Все классы общества, все профессиональные группы и религиозные конфессии принимают национал-социализм как путь Германии к возрождению. И даже те, кто по своему призванию и своей профессии должны ставить человека и помощь ему выше всего остального, отказываются от этого в пользу коричневой идеологии и слепой веры.
Немецкие врачи с сознанием ответственности за порученное им дело вступают на путь, ведущий к убийствам душевнобольных и инвалидов в специальных заведениях. Немецкие епископы боготворят Гитлера как посланного Германии свыше судьбой и небом. И даже маленькая девочка шлёт фюреру трогательное письмо, шоколад и всем сердцем молится за него.
«Гитлер это Германия и Германия это Гитлер» (пишет Hamburger Neueste Zeitung). Это пропаганда, но это и реальность мыслей и чувств немцев 1939 года. В Берлине люди часами стоят на улице, чтобы на несколько минут увидеть фюрера на балконе. Люди скандируют, призывая его выйти к ним. «Никого не заставляют в этот день браться за перо и славить его как спасителя Германии». Люди делают это сами, в восторженных стихотворениях, в газетных статьях и в славословиях, публикуемых в протестантской прессе: «Adolf Hitler, du Glaubender, du Liebender, du Schauender, du Wollender…»

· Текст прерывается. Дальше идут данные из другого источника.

text \<open>The cover pairs \<open>2i\<close> with \<open>2i + 1\<close>, and the last vertex with \<open>0\<close> when \<open>n\<close> is odd.\<close>

lemma complete_edge_cover_exists:
  assumes "n \<ge> 2"
  shows "\<exists>F. F \<subseteq> complete_edges n \<and> card F = (n + 1) div 2 \<and>
           (\<forall>v < n. \<exists>u < n. u \<noteq> v \<and> {u, v} \<in> F)"
proof -
  define m where "m = (n + 1) div 2"
  define g where "g i = {2 * i, Suc (2 * i) mod n}" for i
  have even_lt: "2 * i < n" if "i < m" for i using that unfolding m_def by linarith
  have partner: "Suc (2 * i) mod n = (if Suc (2 * i) < n then Suc (2 * i) else 0)" if "i < m" for i
  proof -
    have "Suc (2 * i) < n \<or> Suc (2 * i) = n" using even_lt[OF that] by linarith
    then show ?thesis by auto
  qed
  have g_edge: "g i \<in> complete_edges n" if "i < m" for i
    using partner[OF that] even_lt[OF that] assms
    unfolding g_def complete_edges_def by (auto simp: card_insert_if)
  have meets_other_only_at_zero: "i = 0" if "2 * i \<in> g j" "i \<noteq> j" "j < m" for i j
  proof -
    have "2 * i = Suc (2 * j) \<or> 2 * i = 0"
      using that partner[OF that(3)] unfolding g_def by (auto split: if_split_asm)
    then show ?thesis by presburger
  qed
  have "inj_on g {..<m}"
  proof (rule inj_onI)
    fix i j assume i: "i \<in> {..<m}" and j: "j \<in> {..<m}" and eq: "g i = g j"
    have "2 * i \<in> g j" "2 * j \<in> g i" using eq unfolding g_def by auto
    then show "i = j"
      using meets_other_only_at_zero i j by (metis lessThan_iff)
  qed
  then have "card (g ` {..<m}) = m" by (simp add: card_image)
  moreover have "\<exists>u < n. u \<noteq> v \<and> {u, v} \<in> g ` {..<m}" if v: "v < n" for v
  proof -
    have i: "v div 2 < m" using v unfolding m_def by linarith
    show ?thesis
    proof (cases "even v")
      case True
      then have "{Suc v mod n, v} \<in> g ` {..<m}"
        using i imageI[of "v div 2" "{..<m}" g] unfolding g_def by (simp add: insert_commute)
      moreover have "Suc v mod n = (if Suc v < n then Suc v else 0)"
        using partner[OF i] True by simp
      ultimately show ?thesis
        using v assms by (intro exI[of _ "Suc v mod n"]) auto
    next
      case False
      then have "{v - 1, v} \<in> g ` {..<m}"
        using i imageI[of "v div 2" "{..<m}" g] v unfolding g_def by (auto elim!: oddE)
      then show ?thesis
        using v False by (intro exI[of _ "v - 1"]) (auto elim!: oddE)
    qed
  qed
  ultimately show ?thesis
    using g_edge m_def by (intro exI[of _ "g ` {..<m}"]) auto
qed

lemma nat_ceiling_half: "nat \<lceil>real n / 2\<rceil> = (n + 1) div 2"
proof (cases "even n")
  case True
  then show ?thesis by (auto elim!: evenE)
next
  case False
  then obtain k where k: "n = 2 * k + 1" by (blast elim: oddE)
  have "\<lceil>real n / 2\<rceil> = int k + 1"
    unfolding k by (intro ceiling_unique) auto
  then show ?thesis using k by simp
qed

theorem mainTheorem8:
  fixes n :: nat
  assumes "n \<ge> 3"
  shows "ocd_bondage (complete_vertices n) (complete_edges n) =
           (if n = 3 then 1 else nat \<lceil>real n / 2\<rceil>)"
proof (cases "n = 3")
  case True
  have "{{0, 1}} \<subseteq> complete_edges 3" by (auto simp: complete_edges_def)
  then show ?thesis
    unfolding True complete_vertices_def
    by (intro ocd_bondage_eqI[where F = "{{0, 1}}"] no_singleton_ocd_K3 singleton_ocd_complete
        singleton_ocd_complete_minus) auto
next
  case False
  then have "n \<ge> 4" using assms by simp
  obtain F where F: "F \<subseteq> complete_edges n" "card F = (n + 1) div 2"
    "\<forall>v < n. \<exists>u < n. u \<noteq> v \<and> {u, v} \<in> F"
    using complete_edge_cover_exists[of n] assms by auto
  have "finite F" using F(2) \<open>n \<ge> 4\<close> card.infinite by fastforce
  have small_removal_bounds: "2 * card F' < n" "card F' + 3 \<le> n" if "card F' < (n + 1) div 2" for F'
    using that \<open>n \<ge> 4\<close> by linarith+
  show ?thesis
    unfolding complete_vertices_def nat_ceiling_half if_not_P[OF False]
    using \<open>n \<ge> 4\<close> F \<open>finite F\<close> small_removal_bounds
    by (intro ocd_bondage_eqI[where F = F] no_singleton_ocd_of_edge_cover singleton_ocd_complete
        singleton_ocd_complete_minus) auto
qed

end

«Для миллионов христиан-протестантов в 1939 году нет противоречия в том, чтобы воскресным утром во время мессы со сложенными руками молиться Богу, а во второй половине дня в форме одной из нацистских организаций маршировать по родному городу и вытянутой правой рукой с почтением приветствовать флаг со свастикой. Для них возлюбленный Господь, Адольф Гитлер и немецкое Отечество неразрывны — и всем им они чувствуют себя обязанными служить в равной мере». Так пишет историк. Но дело не только в обожествлении фюрера, дело ещё в отсутствии солидарности внутри общества. Треть Свидетелей Иеговы в концлагерях, но протестанты и католики не замечают этого.
Народ и «народное единство» выше человека. Это один из главных постулатов нацистской пропаганды. Всё для народа, этого миллионноголового организма, борющегося с окружающими его врагами за жизненное пространство.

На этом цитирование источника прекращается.